▶ _Data records_:
= Beginning of Section =

(* Let $S_\lambda\in\mathcal B(\ell^2(V))$ be a $2$-isometric weighted shift on a rooted directed tree $\mathcal T=(V,E)$ with root $\omega$ and weights $\{\lambda_v\}_{v\in V^\circ}$, and suppose there is $\{\alpha_v\}_{v\in V}\subseteq\mathbb R_+$ with $\|S_\lambda e_u\|=\alpha_{\mathrm{par}(u)}$ for all $u\in V^\circ$. Then $\mathcal T$ is leafless and $$S_\lambda\cong S_{[x]}\oplus\bigoplus_{k=1}^\infty\big(S_{[\xi_k(x)]}\big)^{\oplus j_k},$$ where $x=\|S_\lambda e_\omega\|$ and $j_k=\mathfrak j^{\mathcal T}_k$ for $k\in\mathbb N$. Moreover, if all weights are nonzero, then $j_k\le\aleph_0$ for all $k$.
   Context: A directed tree $\mathcal T=(V,E)$ is a connected directed graph without circuits with each vertex having at most one parent; $\omega$ denotes the root, $V^\circ=V\setminus\{\omega\}$, $\mathrm{par}(v)$ is the parent, $\mathrm{Chi}(u)$ the set of children, $\deg u=\#\mathrm{Chi}(u)$, $\mathrm{Chi}^0(\omega)=\{\omega\}$, $\mathrm{Chi}^{n}(\omega)=\bigcup_{u\in\mathrm{Chi}^{n-1}(\omega)}\mathrm{Chi}(u)$. The weighted shift is $(S_\lambda f)(v)=\lambda_vf(\mathrm{par}(v))$, $(S_\lambda f)(\omega)=0$; $e_u$ is the indicator of $\{u\}$. $2$-isometry: $I-2T^*T+T^{*2}T^2=0$. $\xi_n(x)=\sqrt{\frac{1+(n+1)(x^2-1)}{1+n(x^2-1)}}$. For $x\ge1$, $S_{[x]}$ is the unilateral weighted shift in $\ell^2(\mathbb Z_+)$ with weights $\{\xi_n(x)\}_{n\ge0}$. For a leafless tree, the $k$th generation branching degree is $\mathfrak j^{\mathcal T}_k=\sum_{u\in\mathrm{Chi}^{k-1}(\omega)}(\deg u-1)$. $A^{\oplus\mathfrak n}$ is the $\mathfrak n$-fold orthogonal sum of copies of $A$ ($A^{\oplus0}=0$ on the zero space). *)

theory Defs
  imports "HOL-Analysis.Analysis"
begin

section \<open>Rooted directed trees (vertex set = the whole type 'v)\<close>

text \<open>A rooted directed tree on the vertex type 'v is given by its rt and its
parent map par; by convention par rt = rt (the rt has no parent).
Every vertex reaches the rt by iterating par, which gives connectedness and
absence of circuits.\<close>

definition rooted_tree :: "('v \<Rightarrow> 'v) \<Rightarrow> 'v \<Rightarrow> bool" where
  "rooted_tree par rt \<longleftrightarrow> par rt = rt \<and> (\<forall>v. \<exists>n. (par ^^ n) v = rt)"

definition children :: "('v \<Rightarrow> 'v) \<Rightarrow> 'v \<Rightarrow> 'v \<Rightarrow> 'v set" where
  "children par rt u = {v. v \<noteq> rt \<and> par v = u}"

definition leafless :: "('v \<Rightarrow> 'v) \<Rightarrow> 'v \<Rightarrow> bool" where
  "leafless par rt \<longleftrightarrow> (\<forall>u. children par rt u \<noteq> {})"

primrec generation :: "('v \<Rightarrow> 'v) \<Rightarrow> 'v \<Rightarrow> nat \<Rightarrow> 'v set" where
  "generation par rt 0 = {rt}"
| "generation par rt (Suc n) = (\<Union>u\<in>generation par rt n. children par rt u)"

= End of Section =

▶ _YOUR ASSIGNMENT_: Set down, please, the lines from the line holding "text \<open>A rooted" through the final line of the data, exactly and with nothing added.

▶ _OUTPUT FOR THIS TASK_:
text \<open>A rooted directed tree on the vertex type 'v is given by its rt and its
parent map par; by convention par rt = rt (the rt has no parent).
Every vertex reaches the rt by iterating par, which gives connectedness and
absence of circuits.\<close>

definition rooted_tree :: "('v \<Rightarrow> 'v) \<Rightarrow> 'v \<Rightarrow> bool" where
  "rooted_tree par rt \<longleftrightarrow> par rt = rt \<and> (\<forall>v. \<exists>n. (par ^^ n) v = rt)"

definition children :: "('v \<Rightarrow> 'v) \<Rightarrow> 'v \<Rightarrow> 'v \<Rightarrow> 'v set" where
  "children par rt u = {v. v \<noteq> rt \<and> par v = u}"

definition leafless :: "('v \<Rightarrow> 'v) \<Rightarrow> 'v \<Rightarrow> bool" where
  "leafless par rt \<longleftrightarrow> (\<forall>u. children par rt u \<noteq> {})"

primrec generation :: "('v \<Rightarrow> 'v) \<Rightarrow> 'v \<Rightarrow> nat \<Rightarrow> 'v set" where
  "generation par rt 0 = {rt}"
| "generation par rt (Suc n) = (\<Union>u\<in>generation par rt n. children par rt u)"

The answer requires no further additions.